◆ Work instructions
Please restate, word for word, the lines below that begin at the one with "t * int n \<longleftrightarrow>" and end at the one with "by (simp add: refl_def)". Leave out all other lines.
*** Stored data Section Begins ***
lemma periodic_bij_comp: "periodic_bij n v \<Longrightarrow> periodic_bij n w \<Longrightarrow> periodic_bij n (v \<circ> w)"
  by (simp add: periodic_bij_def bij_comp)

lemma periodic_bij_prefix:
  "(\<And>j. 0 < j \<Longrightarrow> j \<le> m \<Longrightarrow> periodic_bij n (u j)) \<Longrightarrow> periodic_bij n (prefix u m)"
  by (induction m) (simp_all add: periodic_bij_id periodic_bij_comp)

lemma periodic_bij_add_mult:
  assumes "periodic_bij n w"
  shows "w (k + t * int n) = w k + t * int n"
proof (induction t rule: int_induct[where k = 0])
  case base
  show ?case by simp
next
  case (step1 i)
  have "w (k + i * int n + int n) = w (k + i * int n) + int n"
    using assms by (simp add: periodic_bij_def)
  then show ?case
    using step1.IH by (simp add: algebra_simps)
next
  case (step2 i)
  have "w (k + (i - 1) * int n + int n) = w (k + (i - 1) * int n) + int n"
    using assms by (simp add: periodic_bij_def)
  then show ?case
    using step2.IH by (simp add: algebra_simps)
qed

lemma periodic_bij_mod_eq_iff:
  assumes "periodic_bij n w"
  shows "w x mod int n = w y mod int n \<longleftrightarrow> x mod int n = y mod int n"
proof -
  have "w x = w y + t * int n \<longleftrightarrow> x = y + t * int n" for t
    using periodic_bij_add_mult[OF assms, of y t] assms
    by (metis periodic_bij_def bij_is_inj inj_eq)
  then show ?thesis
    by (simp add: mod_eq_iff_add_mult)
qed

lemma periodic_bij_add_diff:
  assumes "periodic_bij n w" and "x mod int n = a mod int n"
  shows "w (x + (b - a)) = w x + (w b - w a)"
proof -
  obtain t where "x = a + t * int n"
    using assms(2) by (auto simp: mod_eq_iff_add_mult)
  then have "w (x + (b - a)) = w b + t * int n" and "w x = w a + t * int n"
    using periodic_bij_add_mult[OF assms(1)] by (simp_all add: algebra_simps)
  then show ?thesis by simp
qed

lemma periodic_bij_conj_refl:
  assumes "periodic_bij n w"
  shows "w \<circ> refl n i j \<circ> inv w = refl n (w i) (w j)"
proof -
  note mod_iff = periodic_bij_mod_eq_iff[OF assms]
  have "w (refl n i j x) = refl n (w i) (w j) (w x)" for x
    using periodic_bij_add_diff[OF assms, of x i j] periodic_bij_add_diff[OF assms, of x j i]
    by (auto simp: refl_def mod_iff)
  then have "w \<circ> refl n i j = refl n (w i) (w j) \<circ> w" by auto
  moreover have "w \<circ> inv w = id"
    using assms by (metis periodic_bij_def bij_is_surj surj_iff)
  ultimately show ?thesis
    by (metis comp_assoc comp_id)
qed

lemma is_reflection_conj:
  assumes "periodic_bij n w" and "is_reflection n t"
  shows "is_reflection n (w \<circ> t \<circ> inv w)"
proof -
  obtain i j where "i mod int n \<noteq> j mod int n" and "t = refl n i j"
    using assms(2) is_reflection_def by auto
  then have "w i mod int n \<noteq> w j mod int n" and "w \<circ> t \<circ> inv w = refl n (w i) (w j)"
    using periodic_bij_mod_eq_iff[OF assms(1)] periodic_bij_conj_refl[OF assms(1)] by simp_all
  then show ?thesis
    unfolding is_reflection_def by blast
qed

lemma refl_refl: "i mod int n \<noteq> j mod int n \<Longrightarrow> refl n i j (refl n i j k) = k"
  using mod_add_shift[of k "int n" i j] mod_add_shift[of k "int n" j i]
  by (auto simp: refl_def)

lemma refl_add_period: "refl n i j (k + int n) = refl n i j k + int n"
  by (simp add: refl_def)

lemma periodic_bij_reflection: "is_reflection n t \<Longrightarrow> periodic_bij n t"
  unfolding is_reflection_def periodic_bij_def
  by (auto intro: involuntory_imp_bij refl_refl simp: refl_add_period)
*** Stored data Section Ends ***
*** Stored data Section Begins ***
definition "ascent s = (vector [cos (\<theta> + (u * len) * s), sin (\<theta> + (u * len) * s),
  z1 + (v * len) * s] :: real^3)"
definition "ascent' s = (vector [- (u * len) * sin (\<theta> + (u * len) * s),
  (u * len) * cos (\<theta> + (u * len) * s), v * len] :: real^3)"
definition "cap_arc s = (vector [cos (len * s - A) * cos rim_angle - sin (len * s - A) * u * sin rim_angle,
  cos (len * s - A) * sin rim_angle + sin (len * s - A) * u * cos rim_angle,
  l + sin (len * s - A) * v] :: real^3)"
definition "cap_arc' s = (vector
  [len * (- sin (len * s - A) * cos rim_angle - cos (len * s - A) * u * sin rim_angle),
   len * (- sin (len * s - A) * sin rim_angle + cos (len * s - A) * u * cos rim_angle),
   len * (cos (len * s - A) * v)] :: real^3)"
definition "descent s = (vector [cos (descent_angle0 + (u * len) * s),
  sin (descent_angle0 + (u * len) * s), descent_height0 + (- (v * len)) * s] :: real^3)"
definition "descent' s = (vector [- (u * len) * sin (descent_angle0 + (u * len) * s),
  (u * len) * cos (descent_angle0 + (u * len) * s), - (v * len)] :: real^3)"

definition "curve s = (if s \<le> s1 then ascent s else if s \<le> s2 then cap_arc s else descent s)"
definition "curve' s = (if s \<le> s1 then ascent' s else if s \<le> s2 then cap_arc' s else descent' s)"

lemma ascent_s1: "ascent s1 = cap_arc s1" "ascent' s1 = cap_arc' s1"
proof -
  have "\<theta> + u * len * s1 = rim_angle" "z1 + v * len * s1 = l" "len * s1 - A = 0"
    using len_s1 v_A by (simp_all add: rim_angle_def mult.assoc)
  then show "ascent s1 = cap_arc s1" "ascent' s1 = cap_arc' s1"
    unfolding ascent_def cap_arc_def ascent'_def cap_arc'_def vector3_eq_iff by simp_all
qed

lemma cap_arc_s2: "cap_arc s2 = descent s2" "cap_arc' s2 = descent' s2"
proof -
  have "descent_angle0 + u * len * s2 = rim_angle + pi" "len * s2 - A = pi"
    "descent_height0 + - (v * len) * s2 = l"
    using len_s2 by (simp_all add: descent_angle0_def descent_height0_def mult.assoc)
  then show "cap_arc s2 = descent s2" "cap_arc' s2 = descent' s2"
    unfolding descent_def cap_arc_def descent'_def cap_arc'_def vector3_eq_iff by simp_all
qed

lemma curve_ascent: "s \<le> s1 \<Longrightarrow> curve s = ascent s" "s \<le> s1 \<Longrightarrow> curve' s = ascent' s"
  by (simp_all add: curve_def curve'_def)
*** Stored data Section Ends ***
◆ Output
  have "w x = w y + t * int n \<longleftrightarrow> x = y + t * int n" for t
    using periodic_bij_add_mult[OF assms, of y t] assms
    by (metis periodic_bij_def bij_is_inj inj_eq)
  then show ?thesis
    by (simp add: mod_eq_iff_add_mult)
qed

lemma periodic_bij_add_diff:
  assumes "periodic_bij n w" and "x mod int n = a mod int n"
  shows "w (x + (b - a)) = w x + (w b - w a)"
proof -
  obtain t where "x = a + t * int n"
    using assms(2) by (auto simp: mod_eq_iff_add_mult)
  then have "w (x + (b - a)) = w b + t * int n" and "w x = w a + t * int n"
    using periodic_bij_add_mult[OF assms(1)] by (simp_all add: algebra_simps)
  then show ?thesis by simp
qed

lemma periodic_bij_conj_refl:
  assumes "periodic_bij n w"
  shows "w \<circ> refl n i j \<circ> inv w = refl n (w i) (w j)"
proof -
  note mod_iff = periodic_bij_mod_eq_iff[OF assms]
  have "w (refl n i j x) = refl n (w i) (w j) (w x)" for x
    using periodic_bij_add_diff[OF assms, of x i j] periodic_bij_add_diff[OF assms, of x j i]
    by (auto simp: refl_def mod_iff)
  then have "w \<circ> refl n i j = refl n (w i) (w j) \<circ> w" by auto
  moreover have "w \<circ> inv w = id"
    using assms by (metis periodic_bij_def bij_is_surj surj_iff)
  ultimately show ?thesis
    by (metis comp_assoc comp_id)
qed

lemma is_reflection_conj:
  assumes "periodic_bij n w" and "is_reflection n t"
  shows "is_reflection n (w \<circ> t \<circ> inv w)"
proof -
  obtain i j where "i mod int n \<noteq> j mod int n" and "t = refl n i j"
    using assms(2) is_reflection_def by auto
  then have "w i mod int n \<noteq> w j mod int n" and "w \<circ> t \<circ> inv w = refl n (w i) (w j)"
    using periodic_bij_mod_eq_iff[OF assms(1)] periodic_bij_conj_refl[OF assms(1)] by simp_all
  then show ?thesis
    unfolding is_reflection_def by blast
qed

lemma refl_refl: "i mod int n \<noteq> j mod int n \<Longrightarrow> refl n i j (refl n i j k) = k"
  using mod_add_shift[of k "int n" i j] mod_add_shift[of k "int n" j i]
  by (auto simp: refl_def)

lemma refl_add_period: "refl n i j (k + int n) = refl n i j k + int n"
  by (simp add: refl_def)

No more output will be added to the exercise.